* _WORK TO BE COMPLETED_
With the material below, print exactly the lines between the line holding "(\<forall>c::real. \<forall>X\<in>H. (\<lambda>w." and the line holding "real) \<Rightarrow> (('w", inclusive. Add nothing else.

-- EXERCISE MATERIAL follows --

(* Let $(M_t)_{t\ge0}$, $(N_t)_{t\ge0}$ be $d$-dimensional processes with independent increments on sublinear expectation spaces $(\Omega_1,\mathcal{H}_1,\hat{\mathbb{E}}_1)$, $(\Omega_2,\mathcal{H}_2,\hat{\mathbb{E}}_2)$ satisfying condition (A) of the context. Let $\Omega=\Omega_1\times\Omega_2$, and for $\omega=(\omega_1,\omega_2)$ and $t\in[0,1]$ put $\tilde M_t(\omega)=M_t(\omega_1)$, $\tilde N_t(\omega)=N_t(\omega_2)$, $X_t=(\tilde M_t,\tilde N_t)$. Fix $n\ge1$, $\delta_n=2^{-n}$, let $\mathcal{H}^n=\{\varphi(X_{\delta_n},X_{2\delta_n}-X_{\delta_n},\dots,X_{2^n\delta_n}-X_{(2^n-1)\delta_n}):\varphi\in C_{b.Lip}(\mathbb{R}^{2^n\times2d})\}$, and define $\hat{\mathbb{E}}^n:\mathcal{H}^n\to\mathbb{R}$ as follows. Step 1: for $k\le 2^n$ and $\phi\in C_{b.Lip}(\mathbb{R}^{2d})$, $\hat{\mathbb{E}}^n[\phi(X_{k\delta_n}-X_{(k-1)\delta_n})]=\hat{\mathbb{E}}_1[\psi(M_{k\delta_n}-M_{(k-1)\delta_n})]$ where $\psi(x)=\hat{\mathbb{E}}_2[\phi(x,N_{k\delta_n}-N_{(k-1)\delta_n})]$, $x\in\mathbb{R}^d$. Step 2: for $\varphi\in C_{b.Lip}(\mathbb{R}^{2^n\times2d})$, $\hat{\mathbb{E}}^n[\varphi(X_{\delta_n},\dots,X_{2^n\delta_n}-X_{(2^n-1)\delta_n})]=\varphi_0$, where $\varphi_{2^n}=\varphi$ and, backwards for $k=2^n,\dots,1$, $\varphi_{k-1}(x_1,\dots,x_{k-1})=\hat{\mathbb{E}}^n[\varphi_k(x_1,\dots,x_{k-1},X_{k\delta_n}-X_{(k-1)\delta_n})]$ computed by Step 1. Then: (1) $(\Omega,\mathcal{H}^n,\hat{\mathbb{E}}^n)$ is a sublinear expectation space; (2) for each $2\le k\le 2^n$, $X_{k\delta_n}-X_{(k-1)\delta_n}$ is independent from $(X_{\delta_n},\dots,X_{(k-1)\delta_n}-X_{(k-2)\delta_n})$ under $\hat{\mathbb{E}}^n$; (3) $(\tilde M_{\delta_n},\tilde M_{2\delta_n}-\tilde M_{\delta_n},\dots,\tilde M_{2^n\delta_n}-\tilde M_{(2^n-1)\delta_n})$ under $\hat{\mathbb{E}}^n$ has the same distribution as $(M_{\delta_n},M_{2\delta_n}-M_{\delta_n},\dots,M_{2^n\delta_n}-M_{(2^n-1)\delta_n})$ under $\hat{\mathbb{E}}_1$, and likewise $(\tilde N_{\delta_n},\dots,\tilde N_{2^n\delta_n}-\tilde N_{(2^n-1)\delta_n})\overset{d}{=}(N_{\delta_n},\dots,N_{2^n\delta_n}-N_{(2^n-1)\delta_n})$.
   Context: $C_{b.Lip}(\mathbb{R}^d)$: bounded Lipschitz functions. A sublinear expectation space $(\Omega,\mathcal{H},\hat{\mathbb{E}})$: $\mathcal{H}$ is a linear space of real functions on $\Omega$ closed under composition with $C_{b.Lip}$ functions, and $\hat{\mathbb{E}}:\mathcal{H}\to\mathbb{R}$ is monotone, constant preserving, subadditive, positively homogeneous. A sublinear $\tilde{\mathbb{E}}$ dominates $\hat{\mathbb{E}}$ if $\hat{\mathbb{E}}[X]-\hat{\mathbb{E}}[Y]\le\tilde{\mathbb{E}}[X-Y]$. Condition (A): there exist sublinear expectations $\tilde{\mathbb{E}}_i$ on $\mathcal{H}_i$ dominating $\hat{\mathbb{E}}_i$ ($i=1,2$) with $\lim_{s\to t}(\tilde{\mathbb{E}}_1[|M_s-M_t|]+\tilde{\mathbb{E}}_2[|N_s-N_t|])=0$ for each $t\ge0$. $Y$ is independent from $X$ under $\hat{\mathbb{E}}$ if $\hat{\mathbb{E}}[\varphi(X,Y)]=\hat{\mathbb{E}}[\hat{\mathbb{E}}[\varphi(x,Y)]_{x=X}]$ for all bounded Lipschitz $\varphi$. A process with $X_0=0$ has independent increments if for all $t_1<\dots<t_n$, $X_{t_n}-X_{t_{n-1}}$ is independent from $(X_{t_1},\dots,X_{t_{n-1}})$. $\overset{d}{=}$ means equal expectations of $\varphi(\cdot)$ for all bounded Lipschitz $\varphi$. *)

theory Defs
  imports "HOL-Analysis.Analysis"
begin

text \<open>Vectors in R^I are functions I => real (only coordinates in the finite index set I matter).
  R^m is the index set {..<m}; R^(K x D) is {..<K} x {..<D}.\<close>

definition vnorm :: "'i set \<Rightarrow> ('i \<Rightarrow> real) \<Rightarrow> real" where
  "vnorm I x = sqrt (\<Sum>i\<in>I. (x i)\<^sup>2)"

definition cblip :: "'i set \<Rightarrow> (('i \<Rightarrow> real) \<Rightarrow> real) \<Rightarrow> bool" where
  "cblip I \<phi> \<longleftrightarrow> (\<exists>B. \<forall>x. \<bar>\<phi> x\<bar> \<le> B) \<and>
     (\<exists>L. \<forall>x y. \<bar>\<phi> x - \<phi> y\<bar> \<le> L * vnorm I (\<lambda>i. x i - y i))"

definition sublinear_expectation :: "('w \<Rightarrow> real) set \<Rightarrow> (('w \<Rightarrow> real) \<Rightarrow> real) \<Rightarrow> bool" where
  "sublinear_expectation H E \<longleftrightarrow>
     (\<forall>X\<in>H. \<forall>Y\<in>H. (\<forall>w. Y w \<le> X w) \<longrightarrow> E Y \<le> E X) \<and>
     (\<forall>c. E (\<lambda>_. c) = c) \<and>
     (\<forall>X\<in>H. \<forall>Y\<in>H. E (\<lambda>w. X w + Y w) \<le> E X + E Y) \<and>
     (\<forall>l::real. \<forall>X\<in>H. l \<ge> 0 \<longrightarrow> E (\<lambda>w. l * X w) = l * E X)"

definition sublinear_expectation_space :: "('w \<Rightarrow> real) set \<Rightarrow> (('w \<Rightarrow> real) \<Rightarrow> real) \<Rightarrow> bool" where
  "sublinear_expectation_space H E \<longleftrightarrow>
     (\<lambda>_. 0) \<in> H \<and> (\<forall>X\<in>H. \<forall>Y\<in>H. (\<lambda>w. X w + Y w) \<in> H) \<and>
     (\<forall>c::real. \<forall>X\<in>H. (\<lambda>w. c * X w) \<in> H) \<and>
     (\<forall>(n::nat) (X::nat \<Rightarrow> 'w \<Rightarrow> real) \<phi>. (\<forall>i<n. X i \<in> H) \<and> cblip {..<n} \<phi> \<longrightarrow>
         (\<lambda>w. \<phi> (\<lambda>i. X i w)) \<in> H) \<and>
     sublinear_expectation H E"

definition dominates :: "('w \<Rightarrow> real) set \<Rightarrow> (('w \<Rightarrow> real) \<Rightarrow> real) \<Rightarrow> (('w \<Rightarrow> real) \<Rightarrow> real) \<Rightarrow> bool" where
  "dominates H Et E \<longleftrightarrow> (\<forall>X\<in>H. \<forall>Y\<in>H. E X - E Y \<le> Et (\<lambda>w. X w - Y w))"

text \<open>Y (valued in R^J) is independent from X (valued in R^I) under E.
  A pair (x,y) in R^(I+J) is encoded as case_sum x y.\<close>
definition indep :: "(('w \<Rightarrow> real) \<Rightarrow> real) \<Rightarrow> 'i set \<Rightarrow> 'j set \<Rightarrow>
    ('w \<Rightarrow> 'i \<Rightarrow> real) \<Rightarrow> ('w \<Rightarrow> 'j \<Rightarrow> real) \<Rightarrow> bool" where
  "indep E I J X Y \<longleftrightarrow> (\<forall>\<phi>. cblip (I <+> J) \<phi> \<longrightarrow>
     E (\<lambda>w. \<phi> (case_sum (X w) (Y w))) = E (\<lambda>w. E (\<lambda>w'. \<phi> (case_sum (X w) (Y w')))))"

definition process_in :: "('w \<Rightarrow> real) set \<Rightarrow> nat \<Rightarrow> (real \<Rightarrow> 'w \<Rightarrow> nat \<Rightarrow> real) \<Rightarrow> bool" where
  "process_in H d M \<longleftrightarrow> (\<forall>t\<ge>0. \<forall>i<d. (\<lambda>w. M t w i) \<in> H)"

definition indep_increments :: "(('w \<Rightarrow> real) \<Rightarrow> real) \<Rightarrow> nat \<Rightarrow> (real \<Rightarrow> 'w \<Rightarrow> nat \<Rightarrow> real) \<Rightarrow> bool" where
  "indep_increments E d M \<longleftrightarrow> (\<forall>w. \<forall>i<d. M 0 w i = 0) \<and>
     (\<forall>(m::nat) (t::nat \<Rightarrow> real). m \<ge> 1 \<and> 0 \<le> t 0 \<and> (\<forall>j<m. t j < t (Suc j)) \<longrightarrow>
        indep E ({..<m} \<times> {..<d}) {..<d}
          (\<lambda>w (j, i). M (t j) w i) (\<lambda>w i. M (t m) w i - M (t (m - 1)) w i))"

definition condition_A :: "('a \<Rightarrow> real) set \<Rightarrow> (('a \<Rightarrow> real) \<Rightarrow> real) \<Rightarrow>
    ('b \<Rightarrow> real) set \<Rightarrow> (('b \<Rightarrow> real) \<Rightarrow> real) \<Rightarrow> nat \<Rightarrow>
    (real \<Rightarrow> 'a \<Rightarrow> nat \<Rightarrow> real) \<Rightarrow> (real \<Rightarrow> 'b \<Rightarrow> nat \<Rightarrow> real) \<Rightarrow> bool" where
  "condition_A H1 E1 H2 E2 d M N \<longleftrightarrow> (\<exists>Et1 Et2.
     sublinear_expectation H1 Et1 \<and> dominates H1 Et1 E1 \<and>
     sublinear_expectation H2 Et2 \<and> dominates H2 Et2 E2 \<and>
     (\<forall>s\<ge>0. \<forall>t\<ge>0. (\<lambda>w. vnorm {..<d} (\<lambda>i. M s w i - M t w i)) \<in> H1 \<and>
                     (\<lambda>w. vnorm {..<d} (\<lambda>i. N s w i - N t w i)) \<in> H2) \<and>
     (\<forall>t\<ge>0. ((\<lambda>s. Et1 (\<lambda>w. vnorm {..<d} (\<lambda>i. M s w i - M t w i)) +
                 Et2 (\<lambda>w. vnorm {..<d} (\<lambda>i. N s w i - N t w i))) \<longlongrightarrow> 0) (at t within {0..})))"

definition dlt :: "nat \<Rightarrow> real" where "dlt n = 1 / 2 ^ n"

definition Xproc :: "nat \<Rightarrow> (real \<Rightarrow> 'a \<Rightarrow> nat \<Rightarrow> real) \<Rightarrow> (real \<Rightarrow> 'b \<Rightarrow> nat \<Rightarrow> real) \<Rightarrow>
    real \<Rightarrow> 'a \<times> 'b \<Rightarrow> nat \<Rightarrow> real" where
  "Xproc d M N t \<omega> = (\<lambda>i. if i < d then M t (fst \<omega>) i else N t (snd \<omega>) (i - d))"

text \<open>j-th increment (0-indexed): P_{(j+1) delta_n} - P_{j delta_n}.\<close>
definition incr :: "nat \<Rightarrow> (real \<Rightarrow> 'w \<Rightarrow> nat \<Rightarrow> real) \<Rightarrow> nat \<Rightarrow> 'w \<Rightarrow> nat \<Rightarrow> real" where
  "incr n P j w = (\<lambda>i. P (real (Suc j) * dlt n) w i - P (real j * dlt n) w i)"

definition Mtil :: "(real \<Rightarrow> 'a \<Rightarrow> nat \<Rightarrow> real) \<Rightarrow> real \<Rightarrow> 'a \<times> 'b \<Rightarrow> nat \<Rightarrow> real" where
  "Mtil M t \<omega> = M t (fst \<omega>)"

definition Ntil :: "(real \<Rightarrow> 'b \<Rightarrow> nat \<Rightarrow> real) \<Rightarrow> real \<Rightarrow> 'a \<times> 'b \<Rightarrow> nat \<Rightarrow> real" where
  "Ntil N t \<omega> = N t (snd \<omega>)"

definition step1 :: "(('a \<Rightarrow> real) \<Rightarrow> real) \<Rightarrow> (('b \<Rightarrow> real) \<Rightarrow> real) \<Rightarrow> nat \<Rightarrow>
    (real \<Rightarrow> 'a \<Rightarrow> nat \<Rightarrow> real) \<Rightarrow> (real \<Rightarrow> 'b \<Rightarrow> nat \<Rightarrow> real) \<Rightarrow> nat \<Rightarrow> nat \<Rightarrow>
    ((nat \<Rightarrow> real) \<Rightarrow> real) \<Rightarrow> real" where
  "step1 E1 E2 d M N n j \<phi> =
     (let \<psi> = (\<lambda>x. E2 (\<lambda>w2. \<phi> (\<lambda>i. if i < d then x i else incr n N j w2 (i - d))))
      in E1 (\<lambda>w1. \<psi> (incr n M j w1)))"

-- EXERCISE MATERIAL concluded --

* _ANSWER SECTION_
     (\<forall>c::real. \<forall>X\<in>H. (\<lambda>w. c * X w) \<in> H) \<and>
     (\<forall>(n::nat) (X::nat \<Rightarrow> 'w \<Rightarrow> real) \<phi>. (\<forall>i<n. X i \<in> H) \<and> cblip {..<n} \<phi> \<longrightarrow>
         (\<lambda>w. \<phi> (\<lambda>i. X i w)) \<in> H) \<and>
     sublinear_expectation H E"

definition dominates :: "('w \<Rightarrow> real) set \<Rightarrow> (('w \<Rightarrow> real) \<Rightarrow> real) \<Rightarrow> (('w \<Rightarrow> real) \<Rightarrow> real) \<Rightarrow> bool" where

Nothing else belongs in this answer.